**Data for this exercise:**
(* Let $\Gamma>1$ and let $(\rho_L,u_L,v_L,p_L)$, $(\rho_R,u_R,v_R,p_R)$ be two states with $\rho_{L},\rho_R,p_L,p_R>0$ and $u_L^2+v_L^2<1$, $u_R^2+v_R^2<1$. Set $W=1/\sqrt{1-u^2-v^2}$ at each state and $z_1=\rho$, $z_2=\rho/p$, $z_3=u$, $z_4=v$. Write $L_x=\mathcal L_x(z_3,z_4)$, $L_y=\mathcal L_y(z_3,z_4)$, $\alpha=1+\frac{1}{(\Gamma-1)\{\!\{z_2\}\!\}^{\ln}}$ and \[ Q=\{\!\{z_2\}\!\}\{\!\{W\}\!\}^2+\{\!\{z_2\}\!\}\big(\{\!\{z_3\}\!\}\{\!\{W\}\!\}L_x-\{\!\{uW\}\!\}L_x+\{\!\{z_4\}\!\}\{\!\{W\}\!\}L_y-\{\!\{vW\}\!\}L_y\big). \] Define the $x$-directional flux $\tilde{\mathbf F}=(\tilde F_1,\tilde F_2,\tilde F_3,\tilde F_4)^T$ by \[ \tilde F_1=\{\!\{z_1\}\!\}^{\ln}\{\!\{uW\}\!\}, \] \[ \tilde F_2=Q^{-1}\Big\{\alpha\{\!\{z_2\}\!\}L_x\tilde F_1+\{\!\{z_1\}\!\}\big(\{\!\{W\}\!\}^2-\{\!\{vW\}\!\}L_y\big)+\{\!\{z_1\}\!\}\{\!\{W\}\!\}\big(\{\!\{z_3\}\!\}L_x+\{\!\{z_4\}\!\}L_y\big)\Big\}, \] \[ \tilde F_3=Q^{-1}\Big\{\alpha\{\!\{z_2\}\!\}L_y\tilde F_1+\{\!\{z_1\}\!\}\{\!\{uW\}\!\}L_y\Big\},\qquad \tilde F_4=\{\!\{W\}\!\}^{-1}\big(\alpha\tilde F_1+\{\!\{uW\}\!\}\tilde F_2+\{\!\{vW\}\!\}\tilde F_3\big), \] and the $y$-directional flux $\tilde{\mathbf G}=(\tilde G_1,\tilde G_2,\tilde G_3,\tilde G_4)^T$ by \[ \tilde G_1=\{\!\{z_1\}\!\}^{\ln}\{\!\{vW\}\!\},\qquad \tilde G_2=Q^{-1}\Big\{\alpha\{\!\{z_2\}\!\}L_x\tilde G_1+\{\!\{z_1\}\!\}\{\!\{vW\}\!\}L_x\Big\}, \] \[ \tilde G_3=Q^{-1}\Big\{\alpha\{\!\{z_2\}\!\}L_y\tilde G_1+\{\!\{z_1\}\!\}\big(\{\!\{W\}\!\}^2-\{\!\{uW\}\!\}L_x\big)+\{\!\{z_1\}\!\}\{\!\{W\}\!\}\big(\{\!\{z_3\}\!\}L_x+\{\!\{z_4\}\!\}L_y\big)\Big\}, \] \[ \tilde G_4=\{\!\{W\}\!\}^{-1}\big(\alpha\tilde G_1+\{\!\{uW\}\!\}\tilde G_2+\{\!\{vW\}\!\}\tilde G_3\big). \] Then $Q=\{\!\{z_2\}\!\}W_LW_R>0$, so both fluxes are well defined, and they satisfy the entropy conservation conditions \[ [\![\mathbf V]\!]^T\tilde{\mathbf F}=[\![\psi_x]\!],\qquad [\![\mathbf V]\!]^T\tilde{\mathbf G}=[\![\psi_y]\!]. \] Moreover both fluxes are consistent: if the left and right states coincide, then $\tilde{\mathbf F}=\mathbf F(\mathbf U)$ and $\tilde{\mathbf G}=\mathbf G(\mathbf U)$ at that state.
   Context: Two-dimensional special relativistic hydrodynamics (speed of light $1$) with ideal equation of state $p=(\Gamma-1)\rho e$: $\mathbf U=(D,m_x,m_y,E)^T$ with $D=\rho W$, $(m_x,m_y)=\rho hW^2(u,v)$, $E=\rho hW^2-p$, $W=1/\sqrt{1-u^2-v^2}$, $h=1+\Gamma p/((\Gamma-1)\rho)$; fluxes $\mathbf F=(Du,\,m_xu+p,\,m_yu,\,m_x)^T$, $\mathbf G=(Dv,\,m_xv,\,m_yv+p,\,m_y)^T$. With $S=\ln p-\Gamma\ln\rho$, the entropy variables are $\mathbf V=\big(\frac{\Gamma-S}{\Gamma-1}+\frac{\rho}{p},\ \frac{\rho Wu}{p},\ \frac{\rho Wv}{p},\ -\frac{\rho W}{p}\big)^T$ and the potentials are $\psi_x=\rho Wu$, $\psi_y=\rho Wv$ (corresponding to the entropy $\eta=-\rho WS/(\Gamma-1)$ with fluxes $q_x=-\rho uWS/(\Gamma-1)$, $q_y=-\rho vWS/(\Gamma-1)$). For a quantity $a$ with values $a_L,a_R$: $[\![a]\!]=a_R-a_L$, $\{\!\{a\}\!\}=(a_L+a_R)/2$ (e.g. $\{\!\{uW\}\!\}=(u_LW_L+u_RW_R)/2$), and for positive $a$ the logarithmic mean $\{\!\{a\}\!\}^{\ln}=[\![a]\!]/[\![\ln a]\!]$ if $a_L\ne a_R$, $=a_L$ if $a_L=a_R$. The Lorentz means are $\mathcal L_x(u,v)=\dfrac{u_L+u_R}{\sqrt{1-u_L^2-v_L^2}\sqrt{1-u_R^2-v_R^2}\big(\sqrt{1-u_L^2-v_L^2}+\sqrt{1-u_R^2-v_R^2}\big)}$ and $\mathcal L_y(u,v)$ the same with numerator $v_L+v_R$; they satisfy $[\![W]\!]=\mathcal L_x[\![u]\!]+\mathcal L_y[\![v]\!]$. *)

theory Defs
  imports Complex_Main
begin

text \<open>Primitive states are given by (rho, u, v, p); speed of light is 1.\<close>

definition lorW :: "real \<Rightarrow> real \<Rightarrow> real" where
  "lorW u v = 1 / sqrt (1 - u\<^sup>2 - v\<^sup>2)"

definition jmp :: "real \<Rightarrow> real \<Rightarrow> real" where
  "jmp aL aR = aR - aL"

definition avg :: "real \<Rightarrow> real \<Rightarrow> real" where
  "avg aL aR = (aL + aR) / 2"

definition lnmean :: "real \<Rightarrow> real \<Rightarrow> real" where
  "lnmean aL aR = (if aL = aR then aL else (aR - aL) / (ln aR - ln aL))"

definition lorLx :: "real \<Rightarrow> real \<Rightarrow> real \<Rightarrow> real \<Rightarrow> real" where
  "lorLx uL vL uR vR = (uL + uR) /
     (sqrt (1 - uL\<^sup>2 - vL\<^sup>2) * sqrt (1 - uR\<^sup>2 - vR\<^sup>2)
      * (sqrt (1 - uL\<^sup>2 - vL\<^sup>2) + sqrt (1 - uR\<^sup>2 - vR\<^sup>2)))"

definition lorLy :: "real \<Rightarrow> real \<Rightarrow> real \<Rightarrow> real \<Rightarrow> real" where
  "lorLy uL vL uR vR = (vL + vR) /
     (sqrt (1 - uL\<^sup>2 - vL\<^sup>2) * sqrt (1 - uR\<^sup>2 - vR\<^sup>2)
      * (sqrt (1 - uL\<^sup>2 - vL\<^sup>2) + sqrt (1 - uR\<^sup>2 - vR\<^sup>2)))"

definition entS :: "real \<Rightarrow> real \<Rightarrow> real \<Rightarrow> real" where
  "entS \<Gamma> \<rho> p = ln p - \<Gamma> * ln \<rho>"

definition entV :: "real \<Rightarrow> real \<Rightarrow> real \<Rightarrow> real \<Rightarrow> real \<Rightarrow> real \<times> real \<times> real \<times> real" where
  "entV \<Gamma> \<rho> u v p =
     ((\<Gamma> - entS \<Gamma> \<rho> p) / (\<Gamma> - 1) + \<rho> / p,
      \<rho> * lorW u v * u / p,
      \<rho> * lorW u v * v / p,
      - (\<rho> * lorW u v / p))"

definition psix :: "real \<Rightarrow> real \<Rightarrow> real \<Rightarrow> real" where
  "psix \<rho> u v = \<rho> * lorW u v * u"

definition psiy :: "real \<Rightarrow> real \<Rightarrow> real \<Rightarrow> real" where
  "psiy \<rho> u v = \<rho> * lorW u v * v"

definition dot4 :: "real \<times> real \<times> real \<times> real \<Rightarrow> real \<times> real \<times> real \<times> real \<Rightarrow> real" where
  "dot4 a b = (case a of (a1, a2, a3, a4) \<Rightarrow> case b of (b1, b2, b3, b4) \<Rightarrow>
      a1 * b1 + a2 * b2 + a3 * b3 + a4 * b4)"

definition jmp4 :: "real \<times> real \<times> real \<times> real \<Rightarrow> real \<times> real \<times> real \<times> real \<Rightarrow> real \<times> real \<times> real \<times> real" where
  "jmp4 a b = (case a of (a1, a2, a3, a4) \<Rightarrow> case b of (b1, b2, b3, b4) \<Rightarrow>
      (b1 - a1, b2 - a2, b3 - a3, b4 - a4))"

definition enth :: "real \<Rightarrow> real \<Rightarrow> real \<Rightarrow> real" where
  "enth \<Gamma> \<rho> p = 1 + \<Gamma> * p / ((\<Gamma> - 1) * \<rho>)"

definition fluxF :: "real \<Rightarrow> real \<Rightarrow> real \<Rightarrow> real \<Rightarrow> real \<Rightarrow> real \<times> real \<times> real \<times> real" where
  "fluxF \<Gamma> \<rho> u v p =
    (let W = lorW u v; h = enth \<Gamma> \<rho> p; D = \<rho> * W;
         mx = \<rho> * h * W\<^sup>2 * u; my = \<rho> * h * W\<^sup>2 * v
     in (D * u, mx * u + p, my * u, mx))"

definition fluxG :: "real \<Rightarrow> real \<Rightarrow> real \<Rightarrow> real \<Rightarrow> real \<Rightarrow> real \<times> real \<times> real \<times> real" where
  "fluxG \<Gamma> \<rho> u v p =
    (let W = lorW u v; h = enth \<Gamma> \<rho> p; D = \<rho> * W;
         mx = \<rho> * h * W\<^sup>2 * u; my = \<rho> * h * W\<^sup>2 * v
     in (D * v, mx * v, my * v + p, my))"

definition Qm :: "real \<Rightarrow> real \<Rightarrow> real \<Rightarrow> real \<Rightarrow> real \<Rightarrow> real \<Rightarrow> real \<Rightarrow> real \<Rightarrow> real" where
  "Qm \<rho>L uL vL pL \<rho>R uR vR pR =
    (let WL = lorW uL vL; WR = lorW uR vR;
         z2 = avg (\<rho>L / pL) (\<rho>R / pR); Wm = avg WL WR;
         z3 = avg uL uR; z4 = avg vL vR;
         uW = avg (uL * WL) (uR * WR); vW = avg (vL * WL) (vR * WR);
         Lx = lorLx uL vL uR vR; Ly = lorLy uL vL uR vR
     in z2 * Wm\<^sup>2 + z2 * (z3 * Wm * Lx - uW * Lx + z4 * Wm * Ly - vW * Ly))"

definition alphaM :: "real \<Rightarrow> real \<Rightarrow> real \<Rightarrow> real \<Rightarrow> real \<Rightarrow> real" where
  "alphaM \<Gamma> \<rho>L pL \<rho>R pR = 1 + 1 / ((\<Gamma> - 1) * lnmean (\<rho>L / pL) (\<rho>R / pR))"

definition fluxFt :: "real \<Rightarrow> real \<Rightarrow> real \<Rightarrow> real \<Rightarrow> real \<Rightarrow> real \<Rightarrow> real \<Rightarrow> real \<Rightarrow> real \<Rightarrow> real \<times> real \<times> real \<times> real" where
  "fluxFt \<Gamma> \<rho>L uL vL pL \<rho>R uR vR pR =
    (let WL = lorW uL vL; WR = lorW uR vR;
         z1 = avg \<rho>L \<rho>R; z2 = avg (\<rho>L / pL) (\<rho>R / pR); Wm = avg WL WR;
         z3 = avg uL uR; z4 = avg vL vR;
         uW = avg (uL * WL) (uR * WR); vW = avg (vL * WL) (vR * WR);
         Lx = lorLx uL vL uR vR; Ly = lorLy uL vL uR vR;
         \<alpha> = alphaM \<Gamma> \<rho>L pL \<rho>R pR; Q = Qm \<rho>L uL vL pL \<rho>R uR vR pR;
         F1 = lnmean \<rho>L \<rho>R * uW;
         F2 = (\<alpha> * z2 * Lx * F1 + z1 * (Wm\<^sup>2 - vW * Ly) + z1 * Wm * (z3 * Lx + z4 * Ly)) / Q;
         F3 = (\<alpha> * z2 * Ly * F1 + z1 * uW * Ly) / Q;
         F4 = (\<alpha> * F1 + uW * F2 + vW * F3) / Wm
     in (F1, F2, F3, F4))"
---
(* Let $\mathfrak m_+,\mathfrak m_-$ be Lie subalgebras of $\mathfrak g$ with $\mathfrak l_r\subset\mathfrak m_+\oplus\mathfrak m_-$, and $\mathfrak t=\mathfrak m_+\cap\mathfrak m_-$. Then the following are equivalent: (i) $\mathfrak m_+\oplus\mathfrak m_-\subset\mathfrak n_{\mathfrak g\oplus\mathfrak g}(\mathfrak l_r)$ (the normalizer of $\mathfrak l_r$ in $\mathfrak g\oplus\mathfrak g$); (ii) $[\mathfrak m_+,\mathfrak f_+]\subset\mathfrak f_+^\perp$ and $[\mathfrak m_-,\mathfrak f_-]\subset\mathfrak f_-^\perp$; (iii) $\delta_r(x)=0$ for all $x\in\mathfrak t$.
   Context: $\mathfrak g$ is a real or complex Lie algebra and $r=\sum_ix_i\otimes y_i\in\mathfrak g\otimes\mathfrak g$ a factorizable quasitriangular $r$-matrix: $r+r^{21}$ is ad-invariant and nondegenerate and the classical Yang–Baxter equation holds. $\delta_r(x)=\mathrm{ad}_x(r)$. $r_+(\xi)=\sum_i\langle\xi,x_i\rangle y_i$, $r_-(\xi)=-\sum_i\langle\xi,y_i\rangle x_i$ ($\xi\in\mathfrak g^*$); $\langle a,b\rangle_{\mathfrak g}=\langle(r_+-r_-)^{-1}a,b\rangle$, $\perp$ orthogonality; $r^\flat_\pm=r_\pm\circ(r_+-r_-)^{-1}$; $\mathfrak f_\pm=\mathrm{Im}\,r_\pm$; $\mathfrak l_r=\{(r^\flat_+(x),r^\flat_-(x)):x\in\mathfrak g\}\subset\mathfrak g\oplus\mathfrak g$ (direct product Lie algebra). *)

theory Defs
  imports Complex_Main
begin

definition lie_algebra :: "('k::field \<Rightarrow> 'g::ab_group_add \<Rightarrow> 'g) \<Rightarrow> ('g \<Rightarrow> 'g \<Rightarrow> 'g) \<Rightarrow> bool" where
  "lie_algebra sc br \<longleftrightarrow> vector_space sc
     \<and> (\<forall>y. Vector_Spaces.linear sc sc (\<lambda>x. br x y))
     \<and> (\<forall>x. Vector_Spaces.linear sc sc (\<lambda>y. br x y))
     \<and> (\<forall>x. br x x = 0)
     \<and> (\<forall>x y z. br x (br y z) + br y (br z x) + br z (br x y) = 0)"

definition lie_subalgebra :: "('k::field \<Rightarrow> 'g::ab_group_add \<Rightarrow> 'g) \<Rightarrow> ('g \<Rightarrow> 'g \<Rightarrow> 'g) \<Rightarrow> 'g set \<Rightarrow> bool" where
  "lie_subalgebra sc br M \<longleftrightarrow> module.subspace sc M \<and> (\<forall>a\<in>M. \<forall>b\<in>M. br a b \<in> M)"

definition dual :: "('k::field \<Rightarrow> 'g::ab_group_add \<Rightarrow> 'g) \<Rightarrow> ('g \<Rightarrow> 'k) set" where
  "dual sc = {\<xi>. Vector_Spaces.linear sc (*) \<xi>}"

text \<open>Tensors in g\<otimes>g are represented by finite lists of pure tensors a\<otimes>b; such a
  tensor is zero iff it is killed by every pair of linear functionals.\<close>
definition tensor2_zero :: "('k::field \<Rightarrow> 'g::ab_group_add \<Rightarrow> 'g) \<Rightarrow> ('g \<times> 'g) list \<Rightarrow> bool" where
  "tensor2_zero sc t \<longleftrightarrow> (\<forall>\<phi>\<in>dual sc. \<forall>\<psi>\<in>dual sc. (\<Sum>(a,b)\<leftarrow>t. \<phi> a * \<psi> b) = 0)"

**Your task:**
Copy whichever lines in the listing above contain the word "linear".

**Answer to this task:**
     \<and> (\<forall>y. Vector_Spaces.linear sc sc (\<lambda>x. br x y))
     \<and> (\<forall>x. Vector_Spaces.linear sc sc (\<lambda>y. br x y))
  "dual sc = {\<xi>. Vector_Spaces.linear sc (*) \<xi>}"
  tensor is zero iff it is killed by every pair of linear functionals.\<close>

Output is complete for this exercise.